What to Historise — The Full Tag Scope

The historian tag list must cover more than just the process values. A complete GMP historian configuration includes five categories of tags:

Data Buffering — Keeping the Record Complete

The "Complete" principle of ALCOA+ requires no data gaps. But historian communication links fail. A network switch reboots, a server goes down for maintenance, a power event takes the historian offline for 20 minutes. Without a buffer, those 20 minutes of process data are gone — and a gap in the GMP record is a data integrity finding.

The PLC must be configured to buffer GMP-critical process values in non-volatile memory when the historian link is unavailable. The buffer stores records with their original NTP-synchronised timestamps. When the link restores, the buffer synchronises to the historian in chronological order. The historian receives the buffered data and stores it in its correct position in the time series, so there is no gap in the query output.

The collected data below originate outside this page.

(* Let $t\ge 3$. Consider a position in the Strong Ramsey game $\mathcal{R}(K_{\aleph_0}^{(3)}, K^{(3)}_{2,t+1}(t-2))$ in which $P_2$ has claimed all edges of a copy of $K^{(3)}_{2,t}(t-2)$ with main vertices $x,y$ and center $c$, and suppose that (i) $P_1$ does not have a threat; (ii) $P_1$ has not claimed all edges of a copy of $K_{2,t}^{(3)}$ whose center is $c$ and one of whose main vertices is $x$; (iii) $P_1$ has not claimed all edges of a copy of $K_{2,t}^{(3)}$ whose center is $x$ and one of whose main vertices is $c$. If it is $P_2$'s turn, then $P_2$ has a strategy from this position guaranteeing that $P_1$ never claims all edges of a copy of $K^{(3)}_{2,t+1}(t-2)$ (a drawing strategy).
   Context: Strong Ramsey game $\mathcal{R}(B,G)$: players $P_1$, $P_2$ alternately claim unclaimed edges of the $k$-uniform hypergraph $B$, $P_1$ first; the first to claim all edges of a copy of the finite $k$-uniform hypergraph $G$ wins; if nobody does so in finitely many moves the game is a draw. $K_{\aleph_0}^{(3)}$ is the complete $3$-uniform hypergraph on a countably infinite vertex set. For $s\ge0$, $t\ge3$, $K_{2,t}(s)$ is the graph obtained from $K_{2,t}$ by identifying the center of a star with $s$ leaves (the leaves being new vertices) with one of the two vertices of degree $t$. For a graph $H$, $H^{(3)}$ is the $3$-uniform hypergraph obtained by adding one fixed new vertex (the center) to every edge of $H$. Main vertices of $K_{2,t}(s)^{(3)}$ and $K_{2,t}^{(3)}$: the vertices of degree at least $3$ in the underlying graph, i.e. the two vertices of the part of size $2$ of $K_{2,t}$. $P_1$ has a threat if she has claimed all edges of a copy of $K^{(3)}_{2,t+1}(t-2)$ minus one edge $e$, where the edge of the board corresponding to $e$ is claimed by neither player. *)

theory Defs
  imports Main
begin

(* Abstract vertices for the small (hyper)graphs:
   Cen = the added centre vertex of H^(3); MA, MB = the two vertices of the part of
   size 2 of K_{2,t} (the main vertices); Lf i = the t vertices of the other part;
   St j = the s new leaves of the star, whose centre is identified with MA. *)
datatype kv = Cen | MA | MB | Lf nat | St nat

definition K2ts :: "nat \<Rightarrow> nat \<Rightarrow> kv set set" where
  "K2ts t s = {{MA, Lf i} | i. i < t} \<union> {{MB, Lf i} | i. i < t} \<union> {{MA, St j} | j. j < s}"

(* H^(3): add the fixed new vertex Cen to every edge of H *)
definition cone3 :: "kv set set \<Rightarrow> kv set set" where
  "cone3 H = insert Cen ` H"

definition board_edges :: "nat set set" where
  "board_edges = {e. card e = 3}"

definition copy_edges :: "kv set set \<Rightarrow> (kv \<Rightarrow> nat) \<Rightarrow> nat set set" where
  "copy_edges G f = (\<lambda>e. f ` e) ` G"

definition has_copy :: "kv set set \<Rightarrow> nat set set \<Rightarrow> bool" where
  "has_copy G X \<longleftrightarrow> (\<exists>f. inj_on f (\<Union>G) \<and> copy_edges G f \<subseteq> X)"

definition threat :: "nat \<Rightarrow> nat set set \<Rightarrow> nat set set \<Rightarrow> bool" where
  "threat t A B \<longleftrightarrow> (\<exists>f e. inj_on f (\<Union>(cone3 (K2ts (t+1) (t-2))))
      \<and> e \<in> copy_edges (cone3 (K2ts (t+1) (t-2))) f
      \<and> copy_edges (cone3 (K2ts (t+1) (t-2))) f - {e} \<subseteq> A \<and> e \<notin> A \<and> e \<notin> B)"

(* Game continued from the position (A = P1's edges, B = P2's edges), P2 to move.
   sigma maps the list of P1's moves made since the position to P2's next move,
   so P2's n-th move (n = 0,1,...) is sigma [a 0, ..., a (n-1)], and P1's n-th move a n
   is made after it.  sigma is a drawing strategy for P2 if, against every legal sequence
   of P1 moves, all P2 moves are legal and whenever P1 owns a copy of G after her n-th
   move, P2 already owned a copy of G (i.e. P2 had won first and the game had ended). *)
definition drawing_strategy_P2 ::
  "kv set set \<Rightarrow> nat set set \<Rightarrow> nat set set \<Rightarrow> (nat set list \<Rightarrow> nat set) \<Rightarrow> bool" where
  "drawing_strategy_P2 G A B \<sigma> \<longleftrightarrow>
     (\<forall>a :: nat \<Rightarrow> nat set.
        let m = (\<lambda>n. \<sigma> (map a [0..<n])) in
        (\<forall>n. a n \<in> board_edges \<and> a n \<notin> A \<union> B \<union> a ` {..<n} \<union> m ` {..n}) \<longrightarrow>
        (\<forall>n. m n \<in> board_edges \<and> m n \<notin> A \<union> B \<union> a ` {..<n} \<union> m ` {..<n}) \<and>
        (\<forall>n. has_copy G (A \<union> a ` {..n}) \<longrightarrow> has_copy G (B \<union> m ` {..n})))"

end

theory Submission
  imports Defs
begin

The buffer capacity must be sized for the worst realistic outage. For a system with 20 GMP-critical tags at 60-second scan intervals, that is approximately 20 records per minute. A 4-hour outage generates roughly 4,800 records. Buffer capacity should be specified to cover at least 8 hours — a full working shift — to handle planned maintenance windows without data loss.

The gap detection alarm closes the loop: the historian monitors for any gap exceeding 5 minutes in any GMP-critical tag. A gap that exceeds this threshold generates a High alarm and creates a gap event record in the historian itself, noting the start time, end time, and estimated number of records affected. This alarm is what triggers investigation — either confirming that buffer synchronisation is in progress, or escalating if buffered data cannot be recovered.

The 7-Year Retention Architecture

EU GMP Annex 11 Clause 17 requires that data is backed up and available throughout the required retention period. For most pharmaceutical products, process records must be retained for at least the product shelf life plus one year — in practice this often means a minimum of 7 years for a process historian. The retention architecture must support full queryability throughout that period, not just storage.

A two-tier architecture is standard: 2 years online in the active historian database with full SQL query access and trend display; 5 additional years archived to a secondary storage location with SQL query capability via archive restore. The boundary between online and archive retention must be managed automatically — the historian should automatically archive records that age beyond the online window, not rely on a manual annual process that may be skipped.

Critically, the audit trail records must be retained for the same period as the process records they document. If process data is retained for 7 years, the corresponding audit trail entries must also be retained for 7 years. The retention policy must explicitly prohibit purging audit trail records independently of the associated process records — this is specified in the FDS and verified as part of the write-once architecture test during OQ.

In the QLean Framework

The Engineering Lists workbook (EL-SYS-001) Sheet 4 is the Historian Tag List — a structured table containing all 44 historian tags for the reference system. Each entry specifies: tag name (validated against the [SYS]_[AREA]_[DESCRIPTION]_[TYPE] convention), description, engineering unit, scan interval, storage type (Exception/Time-based/On-Change with specific deadband values), online retention (2 years), archive retention (7 years), data type, PLC source DB address, GMP-critical flag (28 of 44 tags flagged), and alert limits. The tag categories cover quality parameters (conductivity with both sensor values and processed value, TOC), temperature at all monitoring points, pressure and level, setpoints stored on-change for audit trail purposes, sanitization sequence state with hold timer at 10-second time-based for forensic completeness, and system health tags (backup status, NTP status). The FDS (FDS-SYS-001) FUNC-DATA-001 through FUNC-DATA-004 define the full historian recording requirements including the data buffering specification and 5-minute gap detection alarm (ALM-DATA-001).